**WHAT IS REQUIRED:**
Give the number of lines in the material below that include "assms", and write nothing else.
_ _ _ _
definition N_class :: "real \<Rightarrow> real \<Rightarrow> (complex \<Rightarrow> complex) \<Rightarrow> (complex \<Rightarrow> complex) \<Rightarrow> bool" where
  "N_class mu lam phi f \<longleftrightarrow> bi_univalent f \<and>
     (\<exists>g. inverse_ext f g \<and>
        (\<exists>L. log_branch f L \<and> subord (N_expr lam mu f L) phi) \<and>
        (\<exists>M. log_branch g M \<and> subord (N_expr lam mu g M) phi))"

end

theory Submission
  imports Defs "HOL-Complex_Analysis.Complex_Analysis"
begin

(* For a member h (f itself, or its inverse g) with log branch L of h(z)/z we compute the first two
   coefficients of N_expr in terms of a2 = coef h 2, a3 = coef h 3; the subordination
   N_expr = phi o w gives the same coefficients as B1 w1 and B1 w2 + B2 w1^2 with |w2| <= 1
   (Cauchy estimate for self-maps of the disk).  Since f o g = id near 0, the coefficients of g
   are b2 = -a2 and b3 = 2 a2^2 - a3.  Subtracting the two second-order relations eliminates B2
   and yields 2 (mu + 2 lam) (a3 - a2^2) = B1 (w2 - v2), whence the bound. *)

lemma fps_compose_nth_low:
  fixes F G :: "'a :: comm_ring_1 fps"
  assumes "G $ 0 = 0"
  shows "(F oo G) $ 1 = F $ 1 * G $ 1"
    and "(F oo G) $ 2 = F $ 1 * G $ 2 + F $ 2 * (G $ 1)\<^sup>2"
    and "(F oo G) $ 3 = F $ 1 * G $ 3 + 2 * F $ 2 * G $ 1 * G $ 2 + F $ 3 * (G $ 1) ^ 3"
  using assms by (simp_all add: fps_compose_nth fps_mult_nth numeral_3_eq_3 numeral_2_eq_2
      power2_eq_square power3_eq_cube algebra_simps)

lemma coef_conv_fps_expansion: "coef h n = fps_expansion h 0 $ n"
  by (simp add: coef_def fps_expansion_def)

lemma holomorphic_on_disk_has_fps_expansion:
  assumes "h holomorphic_on unit_disk"
  shows "h has_fps_expansion fps_expansion h 0"
  using assms by (intro has_fps_expansion_fps_expansion) auto

lemma has_fps_expansion_eq_on_ball:
  fixes h k :: "complex \<Rightarrow> complex" and r :: real
  assumes "h has_fps_expansion H" "k has_fps_expansion K"
    and "r > 0" "\<And>z. z \<in> ball 0 r \<Longrightarrow> h z = k z"
  shows "H = K"
proof -
  have "eventually (\<lambda>z. z \<in> ball 0 r) (nhds (0::complex))"
    using \<open>r > 0\<close> by (intro eventually_nhds_in_open) auto
  then have "eventually (\<lambda>z. k z = h z) (nhds 0)"
    by eventually_elim (use assms(4) in auto)
  then have "k has_fps_expansion H"
    using assms(1) has_fps_expansion_cong by blast
  from this assms(2) show ?thesis by (rule fps_expansion_unique_complex)
qed

lemma has_fps_expansion_exp_compose:
  fixes L :: "complex \<Rightarrow> complex" and \<Lambda> :: "complex fps"
  assumes "L has_fps_expansion \<Lambda>" "\<Lambda> $ 0 = 0"
  shows "(\<lambda>z. exp (c * L z)) has_fps_expansion (fps_exp c oo \<Lambda>)"
  using has_fps_expansion_compose[OF has_fps_expansion_exp[of c] assms] by (simp add: o_def)

lemma fps_exp_compose_nth_low:
  fixes c :: complex and \<Lambda> :: "complex fps"
  assumes "\<Lambda> $ 0 = 0"
  shows "(fps_exp c oo \<Lambda>) $ 0 = 1" "(fps_exp c oo \<Lambda>) $ 1 = c * \<Lambda> $ 1"
    "(fps_exp c oo \<Lambda>) $ 2 = c * \<Lambda> $ 2 + c\<^sup>2 * (\<Lambda> $ 1)\<^sup>2 / 2"
  using fps_compose_nth_low[OF assms, of "fps_exp c"] by (simp_all add: numeral_2_eq_2)

(* If exp (L z) = h z / z with L(0) = 0, then h'(0) = 1 and the first coefficients of L
   are l1 = a2 and l2 = a3 - a2^2 / 2; this follows from h = z * exp L as series. *)
lemma log_branch_coeffs:
  fixes h L :: "complex \<Rightarrow> complex" and H \<Lambda> :: "complex fps"
  assumes hol: "h holomorphic_on unit_disk" and h0: "h 0 = 0" and lb: "log_branch h L"
  defines "H \<equiv> fps_expansion h 0" and "\<Lambda> \<equiv> fps_expansion L 0"
  shows "L has_fps_expansion \<Lambda>" "\<Lambda> $ 0 = 0" "H $ 1 = 1"
    and "\<Lambda> $ 1 = H $ 2" "\<Lambda> $ 2 = H $ 3 - (H $ 2)\<^sup>2 / 2"
proof -
  from lb have Lhol: "L holomorphic_on unit_disk" and L0: "L 0 = 0"
    and Lexp: "\<And>z. z \<in> unit_disk - {0} \<Longrightarrow> exp (L z) = h z / z"
    unfolding log_branch_def by auto
  show L: "L has_fps_expansion \<Lambda>"
    unfolding \<Lambda>_def by (rule holomorphic_on_disk_has_fps_expansion[OF Lhol])
  show L0': "\<Lambda> $ 0 = 0"
    using L0 by (simp add: \<Lambda>_def fps_expansion_def)
  have prod: "(\<lambda>z. z * exp (1 * L z)) has_fps_expansion fps_X * (fps_exp 1 oo \<Lambda>)"
    by (intro has_fps_expansion_mult has_fps_expansion_fps_X has_fps_expansion_exp_compose L L0')
  have hexp: "h has_fps_expansion H"
    unfolding H_def by (rule holomorphic_on_disk_has_fps_expansion[OF hol])
  have "h z = z * exp (1 * L z)" if "z \<in> unit_disk" for z
    using Lexp[of z] that h0 L0 by (cases "z = 0") auto
  then have H: "H = fps_X * (fps_exp 1 oo \<Lambda>)"
    by (rule has_fps_expansion_eq_on_ball[OF hexp prod zero_less_one])
  have "H $ Suc n = (fps_exp 1 oo \<Lambda>) $ n" for n
    unfolding H by (simp add: fps_mult_fps_X_commute)
  from this[of 0] this[of 1] this[of 2] fps_exp_compose_nth_low[OF L0', of 1]
  show "H $ 1 = 1" "\<Lambda> $ 1 = H $ 2" "\<Lambda> $ 2 = H $ 3 - (H $ 2)\<^sup>2 / 2"
    by (simp_all add: numeral_2_eq_2 numeral_3_eq_3)
qed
_ _ _ _
**RESULT FOR THIS EXERCISE:**
7